Монашество сделалось указателем и образцом истинно христианской жизни для проникнутого язычеством греко–римского мира и вместе благодатным хранилищем, из которого можно заимствовать новые и свежие силы и энергичных деятелей при предстоящем преобразовании его в мир христианский. Несправедливо было бы говорить, что историки монашества представляют только светлые стороны этого учреждения, умалчивая о темных. В поучение самим инокам Палладий положил задачею своей истории монашества сказать и тех иноках и инокинях, которые пали. Он называет их даже по именам (гл. 32–35, 105).

Кассиан рассказывает также примеры самообольщения иноков (Collat. II. Р. 5–8). В Патериках нередко упоминается о грехе того или другого брата. Но Златоуст мог сказать в лицо порицателям монашества: если падают монахи, то очень немногие. Когда мы неверным говорили о жизни пустынников, они не в состоянии были ничего сказать против них, а только думают поддержать свое мнение, указывая на немногочисленность провождающих добродетельную (то есть монашескую) жизнь[713]. Действительно заклятый враг христианства Юлиан признал достоинство монашеской жизни тем, что хотел устроить и у язычников для противодействия христианству монастыри мужские и женские[714]. Современные историки показывают, что среди истинных монахов были и ложные, которых Иероним называет ремоботами, Кассиан сарабаитами. Иероним так описывает ремоботов. Угрюмые, неопрятные, живут по два и по три вместе, отнюдь не более, и живут по своей воле и своими средствами; из того, что зарабатывают, вносят часть в складчину, чтобы иметь общий стол. Живут же по большей части в городах и селениях, и как будто должно быть священным их ремесло, а не жизнь, что ни продают, всегда берут за это дороже. Между ними часто бывают ссоры, потому что, живя на своем иждивении, они не терпят быть в подчинении у кого‑либо. Они чаще всего спорят из‑за постов; дела домашние делают предметом тяжб. Все у них эффектно, широкие рукава, как меха — сапоги, грубейшая одежда, частые вздохи, посещение дев, ругательство священных служителей и, когда настанет праздничный день, пресыщение до рвоты[715]. Кассиан о сарабаитах говорит, что они не подчиняются ни уставам киновий, ни руководству старцев и иноческих преданий, но живут по своей воле, ложно нося перед людьми имя монахов. Иногда живут в своих домах, занимаясь мирскими занятиями, иногда строят келлии, называя их монастырями, живя по двое и по трое. Преимущественно занимаются работами для снискания денег, которые запасают на много лет вперед или употребляют для удовольствия чрева. Если и дают что нищим, то из тщеславия, напоказ. Этот род монахов особенно умножился тогда, когда вследствие гонения Валента при Лукие разорены были многие обители иноческие и иноки сосланы были в рудники Понта и Армении[716].

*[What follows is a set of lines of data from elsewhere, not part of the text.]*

lemma column_path_le_mono: "column_path_le \<omega> u w s \<Longrightarrow> s \<le> s' \<Longrightarrow> column_path_le \<omega> u w s'"
  unfolding column_path_le_def by force

lemma column_path_le_of_T_less:
  assumes "\<forall>z. 0 \<le> \<omega> z" and "T \<omega> u w < s"
  shows "column_path_le \<omega> u w s"
proof -
  have "passage \<omega> ` {p. is_path u w p} \<noteq> {}" using is_path_exists by blast
  from cInf_lessD[OF this assms(2)[unfolded T_def]]
  obtain p where "is_path u w p" and "passage \<omega> p < s" by blast
  then show ?thesis
    using column_path_le_passage[OF assms(1)] column_path_le_mono by fastforce
qed

definition bounded_variation_seqs :: "int \<Rightarrow> nat \<Rightarrow> nat \<Rightarrow> int list set" where
  "bounded_variation_seqs b n K = {ys. length ys = n \<and> height_variation b ys \<le> int K}"

lemma sum_two_power_tent_le:
  "(\<Sum>y\<in>{a - int K..a + int K}. (2::nat) ^ (K - nat \<bar>y - a\<bar>)) + 2 \<le> 3 * 2 ^ K"
proof (induction K)
  case (Suc K)
  have "{a - int (Suc K)..a + int (Suc K)} =
      insert (a - int (Suc K)) (insert (a + int (Suc K)) {a - int K..a + int K})"
    by auto
  moreover have "(\<Sum>y\<in>{a - int K..a + int K}. (2::nat) ^ (Suc K - nat \<bar>y - a\<bar>)) =
      2 * (\<Sum>y\<in>{a - int K..a + int K}. 2 ^ (K - nat \<bar>y - a\<bar>))"
    unfolding sum_distrib_left by (intro sum.cong refl) (auto simp: Suc_diff_le)
  ultimately show ?case using Suc.IH by simp
qed simp

lemma bounded_variation_seqs_finite_card:
  "finite (bounded_variation_seqs b n K) \<and> card (bounded_variation_seqs b n K) \<le> 3 ^ n * 2 ^ K"
proof (induction n arbitrary: b K)
  case 0
  have "bounded_variation_seqs b 0 K = {[]}" by (auto simp: bounded_variation_seqs_def)
  then show ?case by simp
next
  case (Suc n)
  let ?I = "{b - int K..b + int K}"
  let ?U = "\<Union>y\<in>?I. Cons y ` bounded_variation_seqs y n (K - nat \<bar>y - b\<bar>)"
  have sub: "bounded_variation_seqs b (Suc n) K \<subseteq> ?U"
  proof
    fix ys assume "ys \<in> bounded_variation_seqs b (Suc n) K"
    then obtain y r where ys: "ys = y # r" "length r = n" "\<bar>y - b\<bar> + height_variation y r \<le> int K"
      by (cases ys) (auto simp: bounded_variation_seqs_def)
    with height_variation_nonneg[of y r]
    have "y \<in> ?I" and "r \<in> bounded_variation_seqs y n (K - nat \<bar>y - b\<bar>)"
      by (auto simp: bounded_variation_seqs_def)
    then show "ys \<in> ?U" using ys(1) by blast
  qed
  have fin: "finite ?U" using Suc.IH by auto
  have "card (bounded_variation_seqs b (Suc n) K) \<le> card ?U"
    by (rule card_mono[OF fin sub])
  also have "\<dots> \<le> (\<Sum>y\<in>?I. card (Cons y ` bounded_variation_seqs y n (K - nat \<bar>y - b\<bar>)))"
    by (rule card_UN_le) simp
  also have "\<dots> \<le> (\<Sum>y\<in>?I. 3 ^ n * 2 ^ (K - nat \<bar>y - b\<bar>))"
    by (intro sum_mono order.trans[OF card_image_le]) (use Suc.IH in auto)
  also have "\<dots> = 3 ^ n * (\<Sum>y\<in>?I. 2 ^ (K - nat \<bar>y - b\<bar>))" by (simp add: sum_distrib_left)
  also have "\<dots> \<le> 3 ^ Suc n * 2 ^ K"
    using sum_two_power_tent_le[of K b] by simp
  finally show ?case using finite_subset[OF sub fin] by simp
qed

Но когда сами иноки указывают такие недостатки среди своего братства, это свидетельствует, как строго относились они к себе самим, каких достоинств требовали они от членов своего общества.

Напрасно говорят, что иноки слишком много значения придавали своим внешним подвигам. Изумительны были подвиги их поста, бдений, труда, но любовь к ближним, чистоту сердца, смирение они всегда ставили выше этих подвигов и на внешние подвиги смотрели только как на средство приобресть эти добродетели. Когда Исидора просили успокоиться немного от трудов, в которых проводил он все ночи, указывая на его старость, он отвечал: «Если бы сожгли Исидора и развеяли прах его по ветру, и тогда я не заслуживал бы еще никакой милости, ибо для нас сходил на землю Сын Божий»[717]. Некто спросил старца: «Как я найду Бога — постом, трудом, бдением или милостынею?» Старец отвечал: «Многие изнурили плоть свою безрассудно и не получили от того пользы. Уста наши дышат постом, мы наизусть изучили Писание, читаем псалмы Давидовы, а чего ищет Бог, не имеем, т. е. страха Божия, любви и смирения»[718]. Посты и бдения полезны потому, что производят смирение[719]. По мнению отцев, семьдесят седмиц поста менее значат, нежели один смиренный помысл[720]. Иоанн Колов говорит: «Нельзя выстроить дом сверху вниз, но надобно строить с основания. Это основание есть ближний; его ты должен приобретать; ибо на нем висят все заповеди Христовы»[721]. Потому весь успех в совершенстве отцы приписывали любви к ближнему[722]. Постящийся, говорили они, шесть дней в неделю не может сравниться с служащим брату[723]. Иперехий говорил: «Хорошо есть мясо и пить вино, а не снедать клеветою плоти брата своего»[724].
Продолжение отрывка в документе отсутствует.